Casimir left his nearly comatose partner stretched out on her back, in his Paris bed, her arms flung wide, his fang marks all over her br**sts, her abdomen, her navel, and lower. She had taken her fill of the hopeless young gothic woman he’d seduced out of a club an hour earlier.
He and Julianna had drained her almost to the point of dying blood, but neither of them would ever go that far. They might be hedonists, even sadists, but they weren’t murderers.

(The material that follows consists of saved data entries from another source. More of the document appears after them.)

abbreviation F :: "nat \<Rightarrow> (nat \<Rightarrow> real) \<Rightarrow> (nat \<Rightarrow> real) \<Rightarrow> real" where
  "F n \<theta> y \<equiv> joint_density a b c n \<theta> y"

lemma joint_density_pos: "F n \<theta> y > 0"
  unfolding joint_density_def by (intro prod_pos) (simp add: glm_density_pos)

lemma ennreal_joint_density: "ennreal (F n \<theta> y) = (\<Prod>i<n. ennreal (f (\<theta> i) (y i)))"
  unfolding joint_density_def by (simp add: prod_ennreal glm_density_pos less_imp_le)

lemma sets_PiM_mu: "sets (PiM {..<n} (\<lambda>_. \<mu>)) = sets (PiM {..<n} (\<lambda>_. borel))"
  by (rule sets_PiM_cong) (auto simp: sets_mu)

lemma joint_density_measurable[measurable]:
  "(\<lambda>y. F n \<theta> y) \<in> borel_measurable (PiM {..<n} (\<lambda>_. \<mu>))"
  unfolding joint_density_def by measurable

lemma product_sigma_finite_mu: "product_sigma_finite (\<lambda>_::nat. \<mu>)"
  unfolding product_sigma_finite_def using sigma_finite_mu by simp

lemma data_dist_eq_density:
  "PiM {..<n} (\<lambda>i. density \<mu> (\<lambda>y. ennreal (f (\<theta> i) y)))
     = density (PiM {..<n} (\<lambda>_. \<mu>)) (\<lambda>y. ennreal (F n \<theta> y))"
proof -
  interpret M: product_sigma_finite "\<lambda>i. density \<mu> (\<lambda>y. ennreal (f (\<theta> i) y))"
    unfolding product_sigma_finite_def
    using prob_space_density prob_space_imp_sigma_finite by blast
  interpret N: product_sigma_finite "\<lambda>_::nat. \<mu>"
    by (rule product_sigma_finite_mu)
  have "density (PiM {..<n} (\<lambda>_. \<mu>)) (\<lambda>y. ennreal (F n \<theta> y))
     = PiM {..<n} (\<lambda>i. density \<mu> (\<lambda>y. ennreal (f (\<theta> i) y)))"
  proof (rule M.PiM_eqI)
    show "sets (density (PiM {..<n} (\<lambda>_. \<mu>)) (\<lambda>y. ennreal (F n \<theta> y)))
       = sets (PiM {..<n} (\<lambda>i. density \<mu> (\<lambda>y. ennreal (f (\<theta> i) y))))"
      unfolding sets_density by (rule sets_PiM_cong) simp_all
  next
    fix A assume "\<And>i. i \<in> {..<n} \<Longrightarrow> A i \<in> sets (density \<mu> (\<lambda>y. ennreal (f (\<theta> i) y)))"
    then have A[measurable]: "\<And>i. i \<in> {..<n} \<Longrightarrow> A i \<in> sets \<mu>" by simp
    have "emeasure (density (PiM {..<n} (\<lambda>_. \<mu>)) (\<lambda>y. ennreal (F n \<theta> y))) (PiE {..<n} A)
        = (\<integral>\<^sup>+ y. ennreal (F n \<theta> y) * indicator (PiE {..<n} A) y \<partial>PiM {..<n} (\<lambda>_. \<mu>))"
      by (rule emeasure_density) (auto intro: sets_PiM_I_finite)
    also have "\<dots> = (\<integral>\<^sup>+ y. (\<Prod>i<n. ennreal (f (\<theta> i) (y i)) * indicator (A i) (y i)) \<partial>PiM {..<n} (\<lambda>_. \<mu>))"
    proof (intro nn_integral_cong)
      fix y assume "y \<in> space (PiM {..<n} (\<lambda>_. \<mu>))"
      then have "y \<in> extensional {..<n}"
        by (simp add: space_PiM PiE_def)
      then show "ennreal (F n \<theta> y) * indicator (PiE {..<n} A) y
          = (\<Prod>i<n. ennreal (f (\<theta> i) (y i)) * indicator (A i) (y i))"
        by (simp add: ennreal_joint_density indicator_PiE_eq_prod prod.distrib)
    qed
    also have "\<dots> = (\<Prod>i<n. \<integral>\<^sup>+ x. ennreal (f (\<theta> i) x) * indicator (A i) x \<partial>\<mu>)"
      by (rule N.product_nn_integral_prod) auto
    also have "\<dots> = (\<Prod>i<n. emeasure (density \<mu> (\<lambda>y. ennreal (f (\<theta> i) y))) (A i))"
      by (intro prod.cong refl emeasure_density[symmetric]) auto
    finally show "emeasure (density (PiM {..<n} (\<lambda>_. \<mu>)) (\<lambda>y. ennreal (F n \<theta> y))) (PiE {..<n} A)
        = (\<Prod>i<n. emeasure (density \<mu> (\<lambda>y. ennreal (f (\<theta> i) y))) (A i))" .
  qed simp
  then show ?thesis by simp
qed

lemma nn_integral_joint_density_eq_1: "(\<integral>\<^sup>+ y. ennreal (F n \<theta> y) \<partial>PiM {..<n} (\<lambda>_. \<mu>)) = 1"
proof -
  interpret N: product_sigma_finite "\<lambda>_::nat. \<mu>"
    by (rule product_sigma_finite_mu)
  have "(\<integral>\<^sup>+ y. ennreal (F n \<theta> y) \<partial>PiM {..<n} (\<lambda>_. \<mu>)) = (\<Prod>i<n. \<integral>\<^sup>+ x. ennreal (f (\<theta> i) x) \<partial>\<mu>)"
    unfolding ennreal_joint_density by (rule N.product_nn_integral_prod) auto
  then show ?thesis
    by (simp add: nn_integral_density_eq_1)
qed

text \<open>The chi-square integral factorises, and each factor is computed exactly because
  \<open>f t y\<^sup>2 / f 0 y\<close> is again a multiple of a density.\<close>

lemma density_sq_div: "f t y ^ 2 / f 0 y = f (2 * t) y * exp ((b (2 * t) - 2 * b t + b 0) / a)"
  unfolding glm_density_def
  by (simp add: power2_eq_square exp_add[symmetric] exp_diff[symmetric])
    (use a_pos in \<open>simp add: field_simps\<close>)

lemma b_second_difference_le: "b (2 * t) - 2 * b t + b 0 \<le> U * t\<^sup>2"
  using bregman_le[of t "2 * t"] bregman_le[of t 0]
  by (simp add: bregman_def power2_eq_square algebra_simps)

lemma chi2_joint_density_le:
  "(\<integral>\<^sup>+ y. ennreal (F n \<theta> y ^ 2 / F n (\<lambda>_. 0) y) \<partial>PiM {..<n} (\<lambda>_. \<mu>))
     \<le> ennreal (exp (U / a * sqnorm n \<theta>))"
proof -
  interpret N: product_sigma_finite "\<lambda>_::nat. \<mu>"
    by (rule product_sigma_finite_mu)
  define e where "e i = exp ((b (2 * \<theta> i) - 2 * b (\<theta> i) + b 0) / a)" for i
  have "(\<integral>\<^sup>+ y. ennreal (F n \<theta> y ^ 2 / F n (\<lambda>_. 0) y) \<partial>PiM {..<n} (\<lambda>_. \<mu>))
      = (\<integral>\<^sup>+ y. (\<Prod>i<n. ennreal (f (\<theta> i) (y i) ^ 2 / f 0 (y i))) \<partial>PiM {..<n} (\<lambda>_. \<mu>))"
    unfolding joint_density_def
    by (simp add: prod_power_distrib prod_dividef prod_ennreal glm_density_pos less_imp_le)
  also have "\<dots> = (\<Prod>i<n. \<integral>\<^sup>+ x. ennreal (f (\<theta> i) x ^ 2 / f 0 x) \<partial>\<mu>)"
    by (rule N.product_nn_integral_prod) auto
  also have "\<dots> = (\<Prod>i<n. \<integral>\<^sup>+ x. ennreal (f (2 * \<theta> i) x) * ennreal (e i) \<partial>\<mu>)"
    by (simp add: density_sq_div e_def ennreal_mult glm_density_pos less_imp_le)
  also have "\<dots> = ennreal (\<Prod>i<n. e i)"
    by (simp add: nn_integral_multc nn_integral_density_eq_1 e_def prod_ennreal)
  also have "(\<Prod>i<n. e i) \<le> exp (U / a * sqnorm n \<theta>)"
  proof -
    have "(\<Prod>i<n. e i) = exp (\<Sum>i<n. (b (2 * \<theta> i) - 2 * b (\<theta> i) + b 0) / a)"
      by (simp add: e_def exp_sum)
    also have "\<dots> \<le> exp (\<Sum>i<n. U / a * (\<theta> i)\<^sup>2)"
      using b_second_difference_le a_pos by (auto intro!: sum_mono divide_right_mono)
    finally show ?thesis
      by (simp add: sqnorm_def sum_distrib_left)
  qed
  finally show ?thesis
    by (simp add: ennreal_leI)
qed

end

section \<open>A chi-square lower bound for many hypotheses\<close>

lemma amgm_le: 
  fixes u v t :: real
  assumes "u \<ge> 0" "v > 0" "t > 0"
  shows "u \<le> t / 2 * (u\<^sup>2 / v) + 1 / (2 * t) * v"
proof -
  have "2 * t * u * v \<le> t\<^sup>2 * u\<^sup>2 + v\<^sup>2"
    using sum_squares_bound[of "t * u" v] by (simp add: power2_eq_square algebra_simps)
  then show ?thesis
    using assms by (simp add: field_simps power2_eq_square)
qed

lemma sqrt_balance:
  fixes P Q :: real
  assumes "P > 0" "Q > 0"
  shows "P * (sqrt (Q / P) / 2) + 1 / (2 * sqrt (Q / P)) * Q = sqrt (P * Q)"
proof -
  define s where "s = sqrt (Q / P)"
  have s: "s > 0" "s\<^sup>2 = Q / P"
    using assms by (simp_all add: s_def)
  then have Q: "Q = P * s\<^sup>2"
    using assms by simp
  have "(P * s)\<^sup>2 = P * Q"
    unfolding Q by (simp add: power2_eq_square)
  then have "P * s = sqrt (P * Q)"
    using assms s by (intro real_sqrt_unique[symmetric]) auto
  moreover have "P * (s / 2) + 1 / (2 * s) * Q = P * s"
    unfolding Q using s by (simp add: power2_eq_square field_simps)
  ultimately show ?thesis
    by (simp add: s_def)
qed

text \<open>Pointwise AM-GM: \<open>f \<le> t/2 * f\<^sup>2/g + g/(2t)\<close>.\<close>

lemma nn_integral_indicator_le_chi2:
  fixes f g :: "'x \<Rightarrow> real"
  assumes [measurable]: "f \<in> borel_measurable \<nu>" "g \<in> borel_measurable \<nu>" "A \<in> sets \<nu>"
    and f_nonneg: "\<And>x. x \<in> space \<nu> \<Longrightarrow> f x \<ge> 0"
    and g_pos: "\<And>x. x \<in> space \<nu> \<Longrightarrow> g x > 0"
    and chi2: "(\<integral>\<^sup>+ x. ennreal (f x ^ 2 / g x) \<partial>\<nu>) \<le> ennreal E"
    and t: "t > 0" "E \<ge> 0"
  shows "(\<integral>\<^sup>+ x. ennreal (f x) * indicator A x \<partial>\<nu>)
    \<le> ennreal (t / 2 * E) + ennreal (1 / (2 * t)) * (\<integral>\<^sup>+ x. ennreal (g x) * indicator A x \<partial>\<nu>)"
proof -
  have "(\<integral>\<^sup>+ x. ennreal (f x) * indicator A x \<partial>\<nu>)
      \<le> (\<integral>\<^sup>+ x. ennreal (t / 2) * ennreal (f x ^ 2 / g x)
                + ennreal (1 / (2 * t)) * (ennreal (g x) * indicator A x) \<partial>\<nu>)"
  proof (intro nn_integral_mono)
    fix x assume x: "x \<in> space \<nu>"
    have "f x \<le> t / 2 * (f x ^ 2 / g x) + 1 / (2 * t) * g x"
      using amgm_le f_nonneg[OF x] g_pos[OF x] t by blast
    then have "ennreal (f x) \<le> ennreal (t / 2 * (f x ^ 2 / g x) + 1 / (2 * t) * g x)"
      by (rule ennreal_leI)
    also have "\<dots> = ennreal (t / 2) * ennreal (f x ^ 2 / g x) + ennreal (1 / (2 * t)) * ennreal (g x)"
    proof -
      have "0 \<le> t / 2" "0 \<le> f x ^ 2 / g x" "0 \<le> 1 / (2 * t)" "0 \<le> g x"
        using t g_pos[OF x] by auto
      then show ?thesis
        by (simp only: ennreal_plus ennreal_mult mult_nonneg_nonneg)
    qed
    finally show "ennreal (f x) * indicator A x \<le> ennreal (t / 2) * ennreal (f x ^ 2 / g x)
                + ennreal (1 / (2 * t)) * (ennreal (g x) * indicator A x)"
      by (cases "x \<in> A") auto
  qed
  also have "\<dots> = ennreal (t / 2) * (\<integral>\<^sup>+ x. ennreal (f x ^ 2 / g x) \<partial>\<nu>)
                + ennreal (1 / (2 * t)) * (\<integral>\<^sup>+ x. ennreal (g x) * indicator A x \<partial>\<nu>)"
    by (simp add: nn_integral_add nn_integral_cmult)
  also have "\<dots> \<le> ennreal (t / 2) * ennreal E
                + ennreal (1 / (2 * t)) * (\<integral>\<^sup>+ x. ennreal (g x) * indicator A x \<partial>\<nu>)"
    by (intro add_mono mult_left_mono chi2) auto
  also have "ennreal (t / 2) * ennreal E = ennreal (t / 2 * E)"
    by (rule ennreal_mult[symmetric]) (use t in auto)
  finally show ?thesis .
qed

The young woman lay naked and unconscious, bloody and bruised on the fine silk of the sofa. Her short hair was bleached white, her lips tattooed black, and she had piercings in a number of places, most of which Julianna had ripped from her, savoring the screams, in the course of the taking.
Naturally, Caz had misted a tough barrier between the back bedrooms and the living rooms. He would never want his babies distressed by the activity in the living room.
He thought the thought and her skimpy black leather bustier, mini skirt, and torn stockings reappeared on her body. On her feet, combat boots. Cliché, in Caz’s opinion, but the ensemble had worked for Julianna.
Extending his preternatural voyeurism, he sent the special window flying back to the club where he’d found the woman and moved to scope out the alley in the back. With no one around, he simply returned her to lean against the wall. With any luck, she’d be well used again before she woke up and their misdeeds were laid at the feet of mortals.
Pulling his voyeur’s window back in and shutting it down, he gathered up all the superfluous silver loops, studs, and bars and sent them clinking onto the cement next to the goth.
He stared down at the couch and clucked his tongue. The fabric was a mess. He shook his head. He had so much power. With barely a thought, he had been able to send the fully clothed goth back to the club. But he couldn’t seem to remove stains from silk.
The three of them had been very active … well, two of them had been active. The goth party girl had lost her smiles about two minutes in, had screamed for about forty minutes, then lost consciousness before the big climax.
Surprise.
Vampires are real.
So was his current dilemma.
The silk used to be gold.
Gold silk.
The color snagged his mind, worked him over, forced him to think.
Gold.
Then suddenly all the pieces concerning the attack at the Convent fell miraculously into place. And sure enough, as he reviewed the battle, as he dwelled in particular on Fiona’s aura, he saw … gold.
Part of him was delighted that his mind had finally figured it out. The other part, the one that understood the implications, was appalled. This kind of power could be vast—as in monumentally vast. It could also be lethal, deadly as hell.